Here’s the difference :

If you used make qemu, these lines printed by the kernel will appear in both the regular shell window from which you ran QEMU and the QEMU display window.

This is because for testing and lab grading purposes we have set up the JOS kernel to write its console output not only to the virtual VGA display (as seen in the QEMU window), but also to the simulated PC’s virtual serial port, which QEMU in turn outputs to its own standard output. Likewise, the JOS kernel will take input from both the keyboard and the serial port, so you can give it commands in either the VGA display window or the terminal running QEMU.

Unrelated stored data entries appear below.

(* Let $a,c\in\mathbb{R}$, $b\in(\max\{a,0\},\infty)$, $h\in\mathbb{N}$, $v=(v_1,\dots,v_h)\in\mathbb{R}^h$, $f\in C^1(\mathbb{R},\mathbb{R})$, $p\in C(\mathbb{R},\mathbb{R})$ satisfy for all $x\in\mathbb{R}$ that $f'(x)>0=f(a)$ and $p^{-1}(\mathbb{R}\setminus\{0\})=(a,b)$, with $\mathcal{N}^\theta$, $\mathcal{L}$, $\mathcal{G}$ as in the context. Assume for all $x\in\mathbb{R}$ that $p(x)\ge0$, assume that $f$ is strictly convex, let $\Lambda=\sup_{x\in[a,b]}f'(x)$, assume $\min_{j\in\{1,\dots,h\}}v_j>0$, let $\Theta=(\Theta_1,\dots,\Theta_h)\in C([0,\infty),\mathbb{R}^h)$ satisfy for all $t\in[0,\infty)$ that $\Theta_t=\Theta_0+\int_0^t\mathcal{G}(\Theta_s)\,\mathrm{d}s$ (write $\Theta_{i,t}$ for the $i$-th coordinate of $\Theta_t$), assume $\sum_{j\in\{i\in\{1,\dots,h\}\colon\Theta_{i,0}<b\}}v_j\ge\Lambda$, and let $\vartheta\in\mathbb{R}^h$ satisfy $$\limsup_{t\to\infty}\big(\|\Theta_t-\vartheta\|+|\mathcal{L}(\Theta_t)-\mathcal{L}(\vartheta)|+\|\mathcal{G}(\Theta_t)\|+\|\mathcal{G}(\vartheta)\|\big)=0.$$ Then $\mathcal{N}^\vartheta(b)\ge f(b)$.
   Context: For $\theta=(\theta_1,\dots,\theta_h)\in\mathbb{R}^h$ let $\mathcal{N}^\theta(x)=c+\sum_{j=1}^hv_j\max\{x-\theta_j,0\}$ for $x\in\mathbb{R}$, let $\mathcal{L}(\theta)=\int_{\mathbb{R}}(\mathcal{N}^\theta(x)-f(x))^2p(x)\,\mathrm{d}x$, and let $\mathcal{G}\colon\mathbb{R}^h\to\mathbb{R}^h$ satisfy $\mathcal{G}(\theta)=-(\nabla\mathcal{L})(\theta)$ at every $\theta$ at which $\mathcal{L}$ is differentiable. $\|\cdot\|$ is the Euclidean norm. *)

theory Defs
  imports "HOL-Analysis.Analysis"
begin

definition strictly_convex_on :: "real set \<Rightarrow> (real \<Rightarrow> real) \<Rightarrow> bool" where
  "strictly_convex_on S f \<longleftrightarrow>
     (\<forall>x\<in>S. \<forall>y\<in>S. \<forall>u::real. x \<noteq> y \<and> 0 < u \<and> u < 1 \<longrightarrow>
        f (u * x + (1 - u) * y) < u * f x + (1 - u) * f y)"

definition netw :: "real \<Rightarrow> real^'h \<Rightarrow> real^'h \<Rightarrow> real \<Rightarrow> real" where
  "netw c v \<theta> x = c + (\<Sum>j\<in>UNIV. v $ j * max (x - \<theta> $ j) 0)"

definition risk :: "real \<Rightarrow> real^'h \<Rightarrow> (real \<Rightarrow> real) \<Rightarrow> (real \<Rightarrow> real) \<Rightarrow> real^'h \<Rightarrow> real" where
  "risk c v f p \<theta> = integral UNIV (\<lambda>x. (netw c v \<theta> x - f x)\<^sup>2 * p x)"

end

theory Submission
  imports Defs
begin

Alternatively, you can use the serial console without the virtual VGA by running make qemu-nox

Although simple, it’s important to note that this kernel monitor is running “directly” on the “raw (virtual) hardware” of the simulated PC. This means that you should be able to copy the contents of obj/kern/kernel.img onto the first few sectors of a real hard disk, insert that hard disk into a real PC, turn it on, and see exactly the same thing on the PC’s real screen as you did above in the QEMU window.

The PC’s Physical Address Space

A PC’s physical address space is hard-wired to have the following general layout:

1
2
3
4
5
6
7
8
9
10
11
12
13
14
15
16
17
18
19
20
21
22
23
24
25
26
27
28
29
+------------------+  <- 0xFFFFFFFF (4GB)
| 32-bit |
| memory mapped |
| devices |
| |
/\/\/\/\/\/\/\/\/\/\

/\/\/\/\/\/\/\/\/\/\
| |
| Unused |
| |
+------------------+ <- depends on amount of RAM
| |
| |
| Extended Memory |
| |
| |
+------------------+ <- 0x00100000 (1MB)
| BIOS ROM |
+------------------+ <- 0x000F0000 (960KB)
| 16-bit devices, |
| expansion ROMs |
+------------------+ <- 0x000C0000 (768KB)
| VGA Display |
+------------------+ <- 0x000A0000 (640KB)
| |
| Low Memory |
| |
+------------------+ <- 0x00000000

The first PCs, which were based on the 16-bit Intel 8088 processor, were only capable of addressing 1MB of physical memory, Like

1
2
3
4
5
6
7
8
9
10
11
12
+------------------+  <- 0x00100000 (1MB)
| BIOS ROM |
+------------------+ <- 0x000F0000 (960KB)
| 16-bit devices, |
| expansion ROMs |
+------------------+ <- 0x000C0000 (768KB)
| VGA Display |
+------------------+ <- 0x000A0000 (640KB)
| |
| Low Memory |
| |
+------------------+ <- 0x00000000

The physical address space of an early PC would therefore start at 0x00000000 and end at 0x000FFFFF(1048575 Bytes)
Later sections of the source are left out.